**TASK TO CARRY OUT:**
What appears from the first line of the records below through the line containing "(P s ** B ** matrix_inv R) *v \<alpha>" must be reproduced verbatim.

[Stored data]
lemma P_update:
  "P b = P a - (b - a) *\<^sub>R
     (P a ** B ** matrix_inv (R + (b - a) *\<^sub>R (transpose B ** P a ** B)) ** transpose B ** P a)"
proof -
  have "H ** P a = mat 1"
    using P_start matrix_left_right_inverse by blast
  moreover have P_b: "(H + (b - a) *\<^sub>R info_rate) ** P b = mat 1"
    using P_end matrix_left_right_inverse by blast
  then have "invertible (H + ((b - a) *\<^sub>R B) ** matrix_inv R ** transpose B)"
    by (auto simp: invertible_right_inverse scalar_matrix_assoc)
  ultimately have "matrix_inv (H + ((b - a) *\<^sub>R B) ** matrix_inv R ** transpose B) =
    P a - P a ** ((b - a) *\<^sub>R B) ** matrix_inv (R + transpose B ** P a ** ((b - a) *\<^sub>R B))
      ** transpose B ** P a"
    using woodbury_inverse R_invertible by blast
  moreover have "matrix_inv (H + ((b - a) *\<^sub>R B) ** matrix_inv R ** transpose B) = P b"
    using P_b by (auto intro: matrix_inv_unique simp: scalar_matrix_assoc)
  ultimately show ?thesis
    by (simp add: matrix_scalar_ac scalar_matrix_assoc)
qed

lemma q_update:
  "q b = q a + (b - a) *\<^sub>R ((P b ** B ** matrix_inv R) *v \<alpha>)
     - (b - a) *\<^sub>R ((P a ** B ** matrix_inv (R + (b - a) *\<^sub>R (transpose B ** P a ** B))
         ** transpose B) *v q a)"
proof -
  define c where "c = (B ** matrix_inv R) *v \<alpha>"
  define G where "G = P a ** B ** matrix_inv (R + (b - a) *\<^sub>R (transpose B ** P a ** B)) ** transpose B"
  have flow: "(H + (b - a) *\<^sub>R info_rate) *v q b = H *v q a + (b - a) *\<^sub>R c"
  proof (rule riccati_affine_flow[OF a_le_b q_cont P_inverse])
    fix s assume s: "s \<in> {a<..<b}"
    have "- ((P s ** B ** matrix_inv R) *v (transpose B *v q s - \<alpha>)) =
        (P s ** B ** matrix_inv R) *v \<alpha> - (P s ** info_rate) *v q s"
      by (simp only: matrix_vector_mult_diff_distrib minus_diff_eq matrix_vector_mul_assoc matrix_mul_assoc)
    also have "\<dots> = P s *v (c - info_rate *v q s)"
      by (simp only: c_def matrix_vector_mult_diff_distrib matrix_vector_mul_assoc matrix_mul_assoc)
    finally have "- ((P s ** B ** matrix_inv R) *v (transpose B *v q s - \<alpha>)) = P s *v (c - info_rate *v q s)" .
    then show "(q has_vector_derivative P s *v (c - info_rate *v q s)) (at s)"
      using q_ode[of s] s by (simp add: at_within_interval)
  qed
  have "q b = P b *v ((H + (b - a) *\<^sub>R info_rate) *v q b)"
    using P_end by (simp add: matrix_vector_mul_assoc)
  also have "\<dots> = P b *v (H *v q a) + (b - a) *\<^sub>R (P b *v c)"
    by (simp only: flow matrix_vector_right_distrib matrix_vector_mult_scaleR)
  finally have "q b = P b *v (H *v q a) + (b - a) *\<^sub>R (P b *v c)" .
  moreover have "P b ** H = mat 1 - (b - a) *\<^sub>R G"
  proof -
    have "P b = P a - (b - a) *\<^sub>R (G ** P a)"
      unfolding G_def by (rule P_update)
    then show ?thesis
      by (simp add: matrix_diff_rdistrib P_start
          flip: scalar_matrix_assoc matrix_mul_assoc)
  qed
  then have "P b *v (H *v q a) = q a - (b - a) *\<^sub>R (G *v q a)"
    by (simp add: matrix_vector_mul_assoc matrix_vector_mult_diff_rdistrib
        flip: scaleR_matrix_vector_assoc)
  moreover have "P b *v c = (P b ** B ** matrix_inv R) *v \<alpha>"
    by (simp add: c_def matrix_vector_mul_assoc matrix_mul_assoc)
  ultimately show ?thesis
    unfolding G_def by (simp add: algebra_simps)
qed

end

lemma cumT_0 [simp]: "cumT t 0 = 0"
  by (simp add: cumT_def)

lemma cumT_Suc: "cumT t (Suc j) = cumT t j + t (Suc j)"
  by (simp add: cumT_def)

lemma cumT_mono:
  assumes "j \<le> k" and "\<And>i. i \<in> {j<..k} \<Longrightarrow> 0 \<le> t i"
  shows "cumT t j \<le> cumT t k"
  unfolding cumT_def by (rule sum_mono2) (use assms in auto)

lemma riccati_interval_piece:
  fixes t :: "nat \<Rightarrow> real" and R :: "nat \<Rightarrow> real^'m^'m" and B :: "nat \<Rightarrow> real^'m^'n"
    and a :: "nat \<Rightarrow> real^'m" and P :: "real \<Rightarrow> real^'n^'n" and q :: "real \<Rightarrow> real^'n"
  assumes j: "Suc j \<le> N"
    and t_pos: "\<And>i. i \<in> {1..N} \<Longrightarrow> t i > 0"
    and R_spd: "\<And>i. i \<in> {1..N} \<Longrightarrow> sym_posdef (R i)"
    and P_cont: "continuous_on {0..cumT t N} P"
    and q_cont: "continuous_on {0..cumT t N} q"
    and P_ode: "\<And>i s. i \<in> {1..N} \<Longrightarrow> s \<in> {cumT t (i-1)..<cumT t i} \<Longrightarrow>
       (P has_vector_derivative
          (- (P s ** B i ** matrix_inv (R i) ** transpose (B i) ** P s)))
       (at s within {cumT t (i-1)..<cumT t i})"
    and q_ode: "\<And>i s. i \<in> {1..N} \<Longrightarrow> s \<in> {cumT t (i-1)..<cumT t i} \<Longrightarrow>
       (q has_vector_derivative
          (- ((P s ** B i ** matrix_inv (R i)) *v (transpose (B i) *v q s - a i))))
       (at s within {cumT t (i-1)..<cumT t i})"
    and start: "P (cumT t j) ** H = mat 1"
  shows "riccati_interval (cumT t j) (cumT t (Suc j)) P q (B (Suc j)) (R (Suc j)) (a (Suc j)) H"
proof unfold_locales
  show "cumT t j \<le> cumT t (Suc j)"
    using t_pos[of "Suc j"] j by (simp add: cumT_Suc)
  show "invertible (R (Suc j))"
    using R_spd[of "Suc j"] j by (simp add: sym_posdef_imp_invertible)
  have "{cumT t j..cumT t (Suc j)} \<subseteq> {0..cumT t N}"
    using j t_pos cumT_mono[of 0 j t] cumT_mono[of "Suc j" N t] by (force intro: less_imp_le)
  then show "continuous_on {cumT t j..cumT t (Suc j)} P" "continuous_on {cumT t j..cumT t (Suc j)} q"
    using continuous_on_subset P_cont q_cont by blast+
qed (use j P_ode[of "Suc j"] q_ode[of "Suc j"] start in simp_all)

theorem mainTheorem1:
  fixes N :: nat
    and Qf :: "real^'n^'n" and b :: "real^'n"
    and t :: "nat \<Rightarrow> real"
    and R :: "nat \<Rightarrow> real^'m^'m"
    and B :: "nat \<Rightarrow> real^'m^'n"
    and a :: "nat \<Rightarrow> real^'m"
    and P :: "real \<Rightarrow> real^'n^'n"
    and q :: "real \<Rightarrow> real^'n"
  assumes N_pos: "N \<ge> 1"
    and Qf_spd: "sym_posdef Qf"
    and t_pos: "\<And>i. i \<in> {1..N} \<Longrightarrow> t i > 0"
    and R_spd: "\<And>i. i \<in> {1..N} \<Longrightarrow> sym_posdef (R i)"
    and P_cont: "continuous_on {0..cumT t N} P"
    and q_cont: "continuous_on {0..cumT t N} q"
    and P_ode: "\<And>i s. i \<in> {1..N} \<Longrightarrow> s \<in> {cumT t (i-1)..<cumT t i} \<Longrightarrow>
       (P has_vector_derivative
          (- (P s ** B i ** matrix_inv (R i) ** transpose (B i) ** P s)))
       (at s within {cumT t (i-1)..<cumT t i})"
    and q_ode: "\<And>i s. i \<in> {1..N} \<Longrightarrow> s \<in> {cumT t (i-1)..<cumT t i} \<Longrightarrow>
       (q has_vector_derivative
          (- ((P s ** B i ** matrix_inv (R i)) *v (transpose (B i) *v q s - a i))))
       (at s within {cumT t (i-1)..<cumT t i})"
    and P_init: "P 0 = Qf"
    and q_init: "q 0 = b"
    and P_final: "P (cumT t N) =
       matrix_inv (matrix_inv Qf + (\<Sum>i=1..N. t i *\<^sub>R (B i ** matrix_inv (R i) ** transpose (B i))))"
    and q_final: "q (cumT t N) =
       P (cumT t N) *v (matrix_inv Qf *v b + (\<Sum>i=1..N. t i *\<^sub>R ((B i ** matrix_inv (R i)) *v a i)))"
  shows "\<forall>i\<in>{1..N}.
     P (cumT t i) = P (cumT t (i-1))
        - t i *\<^sub>R (P (cumT t (i-1)) ** B i
            ** matrix_inv (R i + t i *\<^sub>R (transpose (B i) ** P (cumT t (i-1)) ** B i))
            ** transpose (B i) ** P (cumT t (i-1)))
   \<and> q (cumT t i) = q (cumT t (i-1))
        + t i *\<^sub>R ((P (cumT t i) ** B i ** matrix_inv (R i)) *v a i)
        - t i *\<^sub>R ((P (cumT t (i-1)) ** B i
            ** matrix_inv (R i + t i *\<^sub>R (transpose (B i) ** P (cumT t (i-1)) ** B i))
            ** transpose (B i)) *v q (cumT t (i-1)))"
proof -
  define H where
    "H j = matrix_inv Qf + (\<Sum>k=1..j. t k *\<^sub>R (B k ** matrix_inv (R k) ** transpose (B k)))" for j
  have H_Suc: "H (Suc j) = H j + t (Suc j) *\<^sub>R (B (Suc j) ** matrix_inv (R (Suc j)) ** transpose (B (Suc j)))"
    for j by (simp add: H_def add.assoc)
  have interval: "riccati_interval (cumT t j) (cumT t (Suc j)) P q (B (Suc j)) (R (Suc j)) (a (Suc j)) (H j)"
    if "Suc j \<le> N" and "P (cumT t j) ** H j = mat 1" for j
    by (rule riccati_interval_piece[OF that(1) t_pos R_spd P_cont q_cont P_ode q_ode that(2)])
  have P_H: "P (cumT t j) ** H j = mat 1" if "j \<le> N" for j
    using that
  proof (induction j)
    case 0
    show ?case
      using Qf_spd by (simp add: H_def P_init matrix_inv_right sym_posdef_imp_invertible)
  next
    case (Suc j)
    then show ?case
      using riccati_interval.P_end[OF interval] by (simp add: H_Suc cumT_Suc)
  qed
  show ?thesis (is "\<forall>i\<in>{1..N}. ?update i")
  proof
    fix i assume "i \<in> {1..N}"
    then obtain j where "i = Suc j" and j: "Suc j \<le> N"
      by (cases i) auto
    moreover note interval_j = interval[OF j P_H[OF Suc_leD[OF j]]]
    ultimately show "?update i"
      using riccati_interval.P_update[OF interval_j] riccati_interval.q_update[OF interval_j]
      by (simp add: cumT_Suc)
  qed
qed

end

**ANSWER AREA:**
lemma P_update:
  "P b = P a - (b - a) *\<^sub>R
     (P a ** B ** matrix_inv (R + (b - a) *\<^sub>R (transpose B ** P a ** B)) ** transpose B ** P a)"
proof -
  have "H ** P a = mat 1"
    using P_start matrix_left_right_inverse by blast
  moreover have P_b: "(H + (b - a) *\<^sub>R info_rate) ** P b = mat 1"
    using P_end matrix_left_right_inverse by blast
  then have "invertible (H + ((b - a) *\<^sub>R B) ** matrix_inv R ** transpose B)"
    by (auto simp: invertible_right_inverse scalar_matrix_assoc)
  ultimately have "matrix_inv (H + ((b - a) *\<^sub>R B) ** matrix_inv R ** transpose B) =
    P a - P a ** ((b - a) *\<^sub>R B) ** matrix_inv (R + transpose B ** P a ** ((b - a) *\<^sub>R B))
      ** transpose B ** P a"
    using woodbury_inverse R_invertible by blast
  moreover have "matrix_inv (H + ((b - a) *\<^sub>R B) ** matrix_inv R ** transpose B) = P b"
    using P_b by (auto intro: matrix_inv_unique simp: scalar_matrix_assoc)
  ultimately show ?thesis
    by (simp add: matrix_scalar_ac scalar_matrix_assoc)
qed

lemma q_update:
  "q b = q a + (b - a) *\<^sub>R ((P b ** B ** matrix_inv R) *v \<alpha>)
     - (b - a) *\<^sub>R ((P a ** B ** matrix_inv (R + (b - a) *\<^sub>R (transpose B ** P a ** B))
         ** transpose B) *v q a)"
proof -
  define c where "c = (B ** matrix_inv R) *v \<alpha>"
  define G where "G = P a ** B ** matrix_inv (R + (b - a) *\<^sub>R (transpose B ** P a ** B)) ** transpose B"
  have flow: "(H + (b - a) *\<^sub>R info_rate) *v q b = H *v q a + (b - a) *\<^sub>R c"
  proof (rule riccati_affine_flow[OF a_le_b q_cont P_inverse])
    fix s assume s: "s \<in> {a<..<b}"
    have "- ((P s ** B ** matrix_inv R) *v (transpose B *v q s - \<alpha>)) =
        (P s ** B ** matrix_inv R) *v \<alpha> - (P s ** info_rate) *v q s"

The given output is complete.